Your answer should be one number: the count of lines in these entries that hold the word "sqrt".
*** Block opens ***
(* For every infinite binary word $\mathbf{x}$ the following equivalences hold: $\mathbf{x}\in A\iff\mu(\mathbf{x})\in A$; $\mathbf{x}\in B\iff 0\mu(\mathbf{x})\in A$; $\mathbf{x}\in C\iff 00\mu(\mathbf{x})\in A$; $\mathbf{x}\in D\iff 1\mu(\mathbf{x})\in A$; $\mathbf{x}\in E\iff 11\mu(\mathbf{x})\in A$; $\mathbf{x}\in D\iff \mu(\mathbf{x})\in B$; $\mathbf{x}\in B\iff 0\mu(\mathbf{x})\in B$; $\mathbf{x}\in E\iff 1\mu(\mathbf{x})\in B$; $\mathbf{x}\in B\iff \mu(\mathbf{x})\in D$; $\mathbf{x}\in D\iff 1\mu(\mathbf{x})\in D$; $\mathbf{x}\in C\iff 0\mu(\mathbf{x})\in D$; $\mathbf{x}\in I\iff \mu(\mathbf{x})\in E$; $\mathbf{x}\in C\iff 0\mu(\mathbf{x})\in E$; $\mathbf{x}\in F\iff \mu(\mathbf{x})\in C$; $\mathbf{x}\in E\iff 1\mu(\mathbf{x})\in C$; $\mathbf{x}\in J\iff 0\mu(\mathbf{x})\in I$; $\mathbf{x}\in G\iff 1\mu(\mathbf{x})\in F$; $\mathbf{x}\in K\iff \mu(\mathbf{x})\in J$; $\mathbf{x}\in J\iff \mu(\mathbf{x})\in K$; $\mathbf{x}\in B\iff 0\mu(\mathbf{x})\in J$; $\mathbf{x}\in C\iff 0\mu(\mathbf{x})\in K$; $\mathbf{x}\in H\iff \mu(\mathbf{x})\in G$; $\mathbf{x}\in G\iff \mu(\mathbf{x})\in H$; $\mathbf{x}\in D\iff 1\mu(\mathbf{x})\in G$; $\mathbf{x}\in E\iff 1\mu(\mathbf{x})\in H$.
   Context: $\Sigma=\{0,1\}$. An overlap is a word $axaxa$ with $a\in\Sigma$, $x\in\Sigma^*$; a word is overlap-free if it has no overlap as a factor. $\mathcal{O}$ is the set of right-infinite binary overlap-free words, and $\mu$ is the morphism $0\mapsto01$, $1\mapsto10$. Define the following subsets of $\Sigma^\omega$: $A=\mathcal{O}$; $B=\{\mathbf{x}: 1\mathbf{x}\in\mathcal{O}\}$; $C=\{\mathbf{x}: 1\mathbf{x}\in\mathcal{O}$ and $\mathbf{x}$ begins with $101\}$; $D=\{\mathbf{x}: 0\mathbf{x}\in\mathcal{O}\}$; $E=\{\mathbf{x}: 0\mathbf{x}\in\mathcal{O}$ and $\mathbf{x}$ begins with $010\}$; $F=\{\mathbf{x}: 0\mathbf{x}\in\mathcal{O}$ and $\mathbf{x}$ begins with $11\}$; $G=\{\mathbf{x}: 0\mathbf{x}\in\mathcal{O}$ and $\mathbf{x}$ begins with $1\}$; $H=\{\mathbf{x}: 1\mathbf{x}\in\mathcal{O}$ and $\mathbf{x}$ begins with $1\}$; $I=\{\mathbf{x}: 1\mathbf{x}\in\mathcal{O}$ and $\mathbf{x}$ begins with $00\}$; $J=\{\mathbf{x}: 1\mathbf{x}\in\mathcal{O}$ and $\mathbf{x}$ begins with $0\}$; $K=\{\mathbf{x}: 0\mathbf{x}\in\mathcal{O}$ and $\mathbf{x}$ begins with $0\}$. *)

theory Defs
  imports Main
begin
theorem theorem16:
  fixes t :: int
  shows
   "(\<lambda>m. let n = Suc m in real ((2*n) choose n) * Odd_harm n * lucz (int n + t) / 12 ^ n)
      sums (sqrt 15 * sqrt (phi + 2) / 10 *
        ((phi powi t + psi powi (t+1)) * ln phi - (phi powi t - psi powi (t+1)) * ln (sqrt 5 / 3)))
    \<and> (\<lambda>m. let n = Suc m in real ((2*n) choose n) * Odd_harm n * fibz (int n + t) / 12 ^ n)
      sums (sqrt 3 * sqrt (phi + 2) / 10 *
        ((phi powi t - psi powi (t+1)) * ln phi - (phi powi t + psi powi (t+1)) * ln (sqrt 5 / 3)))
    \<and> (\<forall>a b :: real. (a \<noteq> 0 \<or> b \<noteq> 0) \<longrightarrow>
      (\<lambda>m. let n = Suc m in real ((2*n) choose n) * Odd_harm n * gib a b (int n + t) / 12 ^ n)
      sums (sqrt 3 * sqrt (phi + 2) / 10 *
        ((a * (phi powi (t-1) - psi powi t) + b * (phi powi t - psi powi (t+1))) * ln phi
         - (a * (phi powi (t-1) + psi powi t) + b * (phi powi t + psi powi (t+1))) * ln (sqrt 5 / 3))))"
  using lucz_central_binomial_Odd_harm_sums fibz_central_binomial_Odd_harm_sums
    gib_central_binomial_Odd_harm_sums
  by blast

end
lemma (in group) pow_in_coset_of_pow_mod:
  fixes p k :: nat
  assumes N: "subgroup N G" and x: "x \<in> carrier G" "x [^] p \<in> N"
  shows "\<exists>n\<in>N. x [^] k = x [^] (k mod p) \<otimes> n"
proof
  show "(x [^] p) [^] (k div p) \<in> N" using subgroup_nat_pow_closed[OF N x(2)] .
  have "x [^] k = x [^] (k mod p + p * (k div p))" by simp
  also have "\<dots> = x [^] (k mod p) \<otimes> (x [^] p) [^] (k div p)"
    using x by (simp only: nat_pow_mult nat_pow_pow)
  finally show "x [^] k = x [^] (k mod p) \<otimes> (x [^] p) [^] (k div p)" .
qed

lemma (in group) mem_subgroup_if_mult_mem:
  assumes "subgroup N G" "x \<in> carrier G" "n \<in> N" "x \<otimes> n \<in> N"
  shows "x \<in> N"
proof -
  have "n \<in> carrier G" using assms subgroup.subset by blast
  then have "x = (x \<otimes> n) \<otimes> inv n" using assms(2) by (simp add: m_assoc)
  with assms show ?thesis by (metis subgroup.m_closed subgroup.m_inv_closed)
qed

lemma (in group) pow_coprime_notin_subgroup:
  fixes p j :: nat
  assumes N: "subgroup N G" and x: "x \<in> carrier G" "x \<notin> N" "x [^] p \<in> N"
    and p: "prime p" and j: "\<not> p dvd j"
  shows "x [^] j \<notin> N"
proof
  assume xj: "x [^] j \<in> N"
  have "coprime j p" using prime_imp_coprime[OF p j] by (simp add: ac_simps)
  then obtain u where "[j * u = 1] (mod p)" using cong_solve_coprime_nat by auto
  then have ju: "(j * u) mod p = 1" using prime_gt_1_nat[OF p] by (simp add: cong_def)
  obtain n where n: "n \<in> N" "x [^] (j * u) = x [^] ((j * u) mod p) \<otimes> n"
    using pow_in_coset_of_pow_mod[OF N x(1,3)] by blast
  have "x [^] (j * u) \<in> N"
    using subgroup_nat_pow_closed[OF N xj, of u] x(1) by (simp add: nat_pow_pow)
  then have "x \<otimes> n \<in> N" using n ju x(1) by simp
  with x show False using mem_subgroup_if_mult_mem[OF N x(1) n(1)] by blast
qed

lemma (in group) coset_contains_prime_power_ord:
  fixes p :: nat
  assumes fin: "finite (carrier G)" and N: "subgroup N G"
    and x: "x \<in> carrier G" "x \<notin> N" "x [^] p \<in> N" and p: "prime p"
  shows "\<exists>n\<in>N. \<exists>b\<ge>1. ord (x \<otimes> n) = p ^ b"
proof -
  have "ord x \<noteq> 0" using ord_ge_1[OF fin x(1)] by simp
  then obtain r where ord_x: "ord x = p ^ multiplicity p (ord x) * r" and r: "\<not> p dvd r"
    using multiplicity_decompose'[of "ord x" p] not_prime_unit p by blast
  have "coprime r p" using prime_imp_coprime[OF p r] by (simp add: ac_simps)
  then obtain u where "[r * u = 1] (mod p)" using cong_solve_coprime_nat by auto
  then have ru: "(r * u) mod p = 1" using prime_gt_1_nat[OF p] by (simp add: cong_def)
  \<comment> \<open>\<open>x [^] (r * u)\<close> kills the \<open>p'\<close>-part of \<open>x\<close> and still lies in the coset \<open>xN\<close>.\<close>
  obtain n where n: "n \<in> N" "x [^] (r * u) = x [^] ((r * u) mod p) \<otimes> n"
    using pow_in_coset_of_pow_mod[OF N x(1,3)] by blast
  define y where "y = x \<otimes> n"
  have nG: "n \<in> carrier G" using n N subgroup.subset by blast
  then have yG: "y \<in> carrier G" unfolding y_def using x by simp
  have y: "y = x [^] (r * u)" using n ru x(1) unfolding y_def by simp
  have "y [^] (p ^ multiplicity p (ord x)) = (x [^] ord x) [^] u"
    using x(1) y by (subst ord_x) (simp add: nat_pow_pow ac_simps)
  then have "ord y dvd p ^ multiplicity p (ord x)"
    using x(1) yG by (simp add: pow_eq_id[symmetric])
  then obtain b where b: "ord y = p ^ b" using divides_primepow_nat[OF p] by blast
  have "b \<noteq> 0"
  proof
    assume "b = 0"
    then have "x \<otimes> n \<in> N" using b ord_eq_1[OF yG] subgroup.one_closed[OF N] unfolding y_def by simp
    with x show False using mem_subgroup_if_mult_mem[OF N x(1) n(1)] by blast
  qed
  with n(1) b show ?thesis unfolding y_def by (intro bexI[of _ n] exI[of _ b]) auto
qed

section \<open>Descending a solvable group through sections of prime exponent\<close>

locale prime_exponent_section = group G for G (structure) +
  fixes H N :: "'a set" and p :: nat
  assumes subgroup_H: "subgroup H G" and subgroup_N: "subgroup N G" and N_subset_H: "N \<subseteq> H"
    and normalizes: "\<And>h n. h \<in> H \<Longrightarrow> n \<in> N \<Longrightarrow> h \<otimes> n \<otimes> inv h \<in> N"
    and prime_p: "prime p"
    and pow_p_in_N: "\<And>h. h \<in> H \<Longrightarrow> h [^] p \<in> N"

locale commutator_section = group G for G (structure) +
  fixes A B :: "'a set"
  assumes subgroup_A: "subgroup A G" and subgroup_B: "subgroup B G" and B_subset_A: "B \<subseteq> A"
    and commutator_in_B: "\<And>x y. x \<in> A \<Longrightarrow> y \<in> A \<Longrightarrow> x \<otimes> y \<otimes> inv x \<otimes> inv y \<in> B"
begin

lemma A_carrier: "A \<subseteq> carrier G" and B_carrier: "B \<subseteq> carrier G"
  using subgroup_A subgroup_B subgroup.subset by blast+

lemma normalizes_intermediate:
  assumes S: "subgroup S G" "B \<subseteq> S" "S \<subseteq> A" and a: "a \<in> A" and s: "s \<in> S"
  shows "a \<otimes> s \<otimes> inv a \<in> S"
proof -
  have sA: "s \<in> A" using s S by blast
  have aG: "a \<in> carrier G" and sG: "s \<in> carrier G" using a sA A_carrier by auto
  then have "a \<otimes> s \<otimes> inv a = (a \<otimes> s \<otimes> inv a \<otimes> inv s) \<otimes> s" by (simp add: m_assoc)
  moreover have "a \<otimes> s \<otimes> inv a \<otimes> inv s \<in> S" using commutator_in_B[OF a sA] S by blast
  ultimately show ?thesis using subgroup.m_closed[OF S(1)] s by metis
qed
*** Block closes ***
Your solution: 6